A Coaching Tree Grows in Stillwater…

Posted by Brian Goodman on December 21st, 2016

West Virginia’s renaissance under Bob Huggins is by now a familiar story — perennially relevant hoops brand endures an uncharacteristic drought of postseason success, only to right itself with an overhaul of the team’s identity focused on frenzied defense, relentless offensive rebounding, a rare degree of unselfishness and staggering depth. Some 1,100 miles away, though, Brad Underwood – a former disciple of Huggins — is hard at work resurrecting Oklahoma State in a similar fashion.

Brad Underwood is Up to Plenty of Good in Stillwater (USA Today Images)

Brad Underwood is Up to Plenty of Good in Stillwater (USA Today Images)

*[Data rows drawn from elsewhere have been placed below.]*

(* Let $\pi=(\pi_n^{n+1}\colon(X_{n+1},f_{n+1})\to(X_n,f_n))_{n\ge1}$ be an inverse sequence of equivariant maps and let $(X,f)=\lim_\pi(X_n,f_n)$. Then $CR(f)=\{x=(x_n)_{n\ge1}\in X: x_n\in CR(f_n)\ \text{for all } n\ge1\}$.
   Context: Each $X_n$ is a compact metric space, $f_n$ a continuous self-map, $\pi_n^{n+1}\colon X_{n+1}\to X_n$ continuous with $f_n\circ\pi_n^{n+1}=\pi_n^{n+1}\circ f_{n+1}$. $X=\{(x_n)\in\prod_n X_n:\pi_n^{n+1}(x_{n+1})=x_n\ \forall n\}$ with the product topology and $f((x_n))=(f_n(x_n))$. For a continuous map $g$ of a compact metric space $(Y,d)$, a $\delta$-chain is a finite sequence $(y_i)_{i=0}^k$, $k>0$, with $d(g(y_i),y_{i+1})\le\delta$ for all $i<k$, and $CR(g)$ is the set of $y$ such that for every $\delta>0$ there is a $\delta$-chain with $y_0=y_k=y$. *)

theory Defs
  imports "HOL-Analysis.Analysis"
begin

definition delta_chain :: "('a::metric_space \<Rightarrow> 'a) \<Rightarrow> 'a set \<Rightarrow> real \<Rightarrow> nat \<Rightarrow> (nat \<Rightarrow> 'a) \<Rightarrow> bool" where
  "delta_chain g Y \<delta> k y \<longleftrightarrow> 0 < k \<and> (\<forall>i\<le>k. y i \<in> Y) \<and> (\<forall>i<k. dist (g (y i)) (y (Suc i)) \<le> \<delta>)"

definition CR :: "('a::metric_space \<Rightarrow> 'a) \<Rightarrow> 'a set \<Rightarrow> 'a set" where
  "CR g Y = {x \<in> Y. \<forall>\<delta>>0. \<exists>k y. delta_chain g Y \<delta> k y \<and> y 0 = x \<and> y k = x}"

text \<open>Inverse limit of (Xs n, pi n : Xs (Suc n) \<rightarrow> Xs n), as a subset of nat \<Rightarrow> 'a,
  which carries the metric of Function_Metric inducing the product topology.\<close>

definition inv_lim :: "(nat \<Rightarrow> 'a set) \<Rightarrow> (nat \<Rightarrow> 'a \<Rightarrow> 'a) \<Rightarrow> (nat \<Rightarrow> 'a) set" where
  "inv_lim Xs \<pi> = {x. (\<forall>n. x n \<in> Xs n) \<and> (\<forall>n. \<pi> n (x (Suc n)) = x n)}"
lemma ddelta_majorant_bounds:
  fixes v e C R :: real
  assumes v: "0 \<le> v" and e: "0 < e" "e \<le> 2" and C: "0 < C" "C \<le> R"
  shows "\<bar>v powr e\<bar> \<le> ddelta_majorant R v"
    and "\<bar>ln v * v powr e\<bar> \<le> ddelta_majorant R v"
    and "\<bar>C * (ln v * v powr e)\<bar> \<le> ddelta_majorant R v"
    and "\<bar>C * (ln v * (ln v * v powr e))\<bar> \<le> ddelta_majorant R v"
proof -
  have pe: "v powr e \<le> 1 + v^2" "0 \<le> v powr e" using powr_le_1_plus_square[OF v e] by auto
  define L where "L = (1 + \<bar>ln v\<bar>)^2"
  have L: "1 \<le> L" "\<bar>ln v\<bar> \<le> L" "\<bar>ln v\<bar> * \<bar>ln v\<bar> \<le> L" unfolding L_def
    by (auto simp: power2_eq_square algebra_simps)
  have R: "1 \<le> 1 + R" "R \<le> 1 + R" "0 \<le> R" using C by auto
  have maj: "c * l * (1 + v^2) \<le> ddelta_majorant R v" if "0 \<le> c" "c \<le> 1 + R" "0 \<le> l" "l \<le> L" for c l
    unfolding ddelta_majorant_def L_def[symmetric] using that by (intro mult_right_mono mult_mono) auto
  have "\<bar>v powr e\<bar> \<le> 1 * 1 * (1 + v^2)" using pe by simp
  also have "\<dots> \<le> ddelta_majorant R v" using L R by (intro maj) auto
  finally show "\<bar>v powr e\<bar> \<le> ddelta_majorant R v" .
  have "\<bar>ln v * v powr e\<bar> \<le> 1 * \<bar>ln v\<bar> * (1 + v^2)"
    using pe by (simp add: abs_mult) (intro mult_left_mono; simp)
  also have "\<dots> \<le> ddelta_majorant R v" using L R by (intro maj) auto
  finally show "\<bar>ln v * v powr e\<bar> \<le> ddelta_majorant R v" .
  have "\<bar>C * (ln v * v powr e)\<bar> \<le> R * \<bar>ln v\<bar> * (1 + v^2)"
    using C pe by (simp add: abs_mult mult.assoc) (intro mult_mono; simp)
  also have "\<dots> \<le> ddelta_majorant R v" using L R by (intro maj) auto
  finally show "\<bar>C * (ln v * v powr e)\<bar> \<le> ddelta_majorant R v" .
  have "\<bar>C * (ln v * (ln v * v powr e))\<bar> = C * ((\<bar>ln v\<bar> * \<bar>ln v\<bar>) * v powr e)"
    using C(1) pe(2) by (simp add: abs_mult)
  also have "\<dots> \<le> R * (\<bar>ln v\<bar> * \<bar>ln v\<bar>) * (1 + v^2)"
    unfolding mult.assoc by (intro mult_mono mult_left_mono pe) (use C in auto)
  also have "\<dots> \<le> ddelta_majorant R v" using L R by (intro maj) auto
  finally show "\<bar>C * (ln v * (ln v * v powr e))\<bar> \<le> ddelta_majorant R v" .
qed

lemma ddelta_bounds:
  assumes adm: "\<theta> \<in> admissible" and R: "\<And>k. \<bar>\<theta> $ k\<bar> \<le> R"
  shows "\<bar>ddelta h u i \<theta>\<bar> \<le> ddelta_majorant R \<bar>lag_coord h u (snd i)\<bar>"
    and "\<bar>ddelta2 h u i j \<theta>\<bar> \<le> ddelta_majorant R \<bar>lag_coord h u (snd i)\<bar>"
proof -
  define v e C where "v = \<bar>lag_coord h u (snd i)\<bar>" and "e = \<theta> $ (True, snd i)"
    and "C = \<theta> $ (False, snd i)"
  have e: "0 < e" "e \<le> 2" using adm by (auto simp: admissible_def e_def)
  have C: "0 < C" "C \<le> R" using adm R[of "(False, snd i)"] by (auto simp: admissible_def C_def)
  have v: "0 \<le> v" by (simp add: v_def)
  note maj = ddelta_majorant_bounds[OF v e C]
  have "ddelta h u i \<theta> = (if fst i then C * (ln v * v powr e) else v powr e)"
    by (cases i) (simp add: ddelta_def v_def e_def C_def)
  then show "\<bar>ddelta h u i \<theta>\<bar> \<le> ddelta_majorant R \<bar>lag_coord h u (snd i)\<bar>"
    using maj unfolding v_def[symmetric] by simp
  have "ddelta2 h u i j \<theta> = (if snd i = snd j then (if fst i \<and> fst j then C * (ln v * (ln v * v powr e))
       else if fst i \<or> fst j then ln v * v powr e else 0) else 0)"
    by (simp add: ddelta2_def v_def e_def C_def)
  moreover have "0 \<le> ddelta_majorant R v" using maj(1) by linarith
  ultimately show "\<bar>ddelta2 h u i j \<theta>\<bar> \<le> ddelta_majorant R \<bar>lag_coord h u (snd i)\<bar>"
    using maj unfolding v_def[symmetric] by simp
qed

lemma ddelta_majorant_nonneg: "0 \<le> R \<Longrightarrow> 0 \<le> ddelta_majorant R v"
  by (simp add: ddelta_majorant_def)

lemma delta_uniform_lower_bound:
  fixes \<Theta> :: "'d::finite par set"
  assumes "compact \<Theta>" "\<Theta> \<subseteq> admissible" "\<Theta> \<noteq> {}" "(h, u) \<noteq> (0, 0)"
  obtains D0 where "0 < D0" "\<And>\<theta>. \<theta> \<in> \<Theta> \<Longrightarrow> D0 \<le> delta \<theta> h u"
proof -
  obtain k0 where "lag_coord h u k0 \<noteq> 0" using lag_coord_nonzero[OF assms(4)] .
  then have v0: "0 < \<bar>lag_coord h u k0\<bar>" by simp
  have "continuous_on \<Theta> (\<lambda>\<theta>. \<theta> $ (False, k0))" by (intro continuous_intros)
  then obtain \<theta>m where \<theta>m: "\<theta>m \<in> \<Theta>" "\<And>\<theta>. \<theta> \<in> \<Theta> \<Longrightarrow> \<theta>m $ (False, k0) \<le> \<theta> $ (False, k0)"
    using continuous_attains_inf[OF assms(1,3)] by blast
  define D0 where "D0 = \<theta>m $ (False, k0) * min 1 (\<bar>lag_coord h u k0\<bar>^2)"
  show ?thesis
  proof (rule that)
    show "0 < D0" using \<theta>m(1) assms(2) v0 by (auto simp: D0_def admissible_def)
    fix \<theta> assume \<theta>: "\<theta> \<in> \<Theta>"
    then have adm: "0 < \<theta> $ (False, k)" "0 < \<theta> $ (True, k)" "\<theta> $ (True, k) \<le> 2" for k
      using assms(2) by (auto simp: admissible_def)
    have "D0 \<le> \<theta> $ (False, k0) * \<bar>lag_coord h u k0\<bar> powr \<theta> $ (True, k0)"
      unfolding D0_def using adm
      by (intro mult_mono min_1_square_le_powr v0 \<theta>m(2)[OF \<theta>] less_imp_le[OF adm(1)]) auto
    also have "\<dots> \<le> delta \<theta> h u" unfolding delta_eq_sum_lag_coord
      by (rule member_le_sum) (auto intro!: mult_nonneg_nonneg less_imp_le[OF adm(1)] powr_ge_zero)
    finally show "D0 \<le> delta \<theta> h u" .
  qed
qed

lemma delta_le_sum_square_lags:
  assumes "\<theta> \<in> admissible" "\<And>k. \<bar>\<theta> $ k\<bar> \<le> R"
  shows "delta \<theta> h u \<le> (\<Sum>k\<in>UNIV. R * (1 + \<bar>lag_coord h u k\<bar>^2))"
  unfolding delta_eq_sum_lag_coord
proof (rule sum_mono)
  fix k
  have "\<bar>lag_coord h u k\<bar> powr \<theta> $ (True, k) \<le> 1 + \<bar>lag_coord h u k\<bar>^2"
    using assms(1) by (intro powr_le_1_plus_square) (auto simp: admissible_def)
  then show "\<theta> $ (False, k) * \<bar>lag_coord h u k\<bar> powr \<theta> $ (True, k) \<le> R * (1 + \<bar>lag_coord h u k\<bar>^2)"
    using assms(1) assms(2)[of "(False, k)"] by (intro mult_mono) (auto simp: admissible_def)
qed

Last Saturday, Underwood’s Cowboys dominated Wichita State 93-76 at Intrust Bank Arena to move to 9-2 on the season. The result didn’t get much national attention because of a surplus of good games that afternoon, but Oklahoma State dismantled a team that had gone 116 home games without allowing so much as 80 points to an opponent. The victory gave a significant boost to Oklahoma State’s non-conference resume in the wake of missed opportunities against North Carolina and Maryland, and come Big 12 play, opponents would be ill-advised to overlook the Cowboys in much the same way they overlooked the Mountaineers two seasons ago.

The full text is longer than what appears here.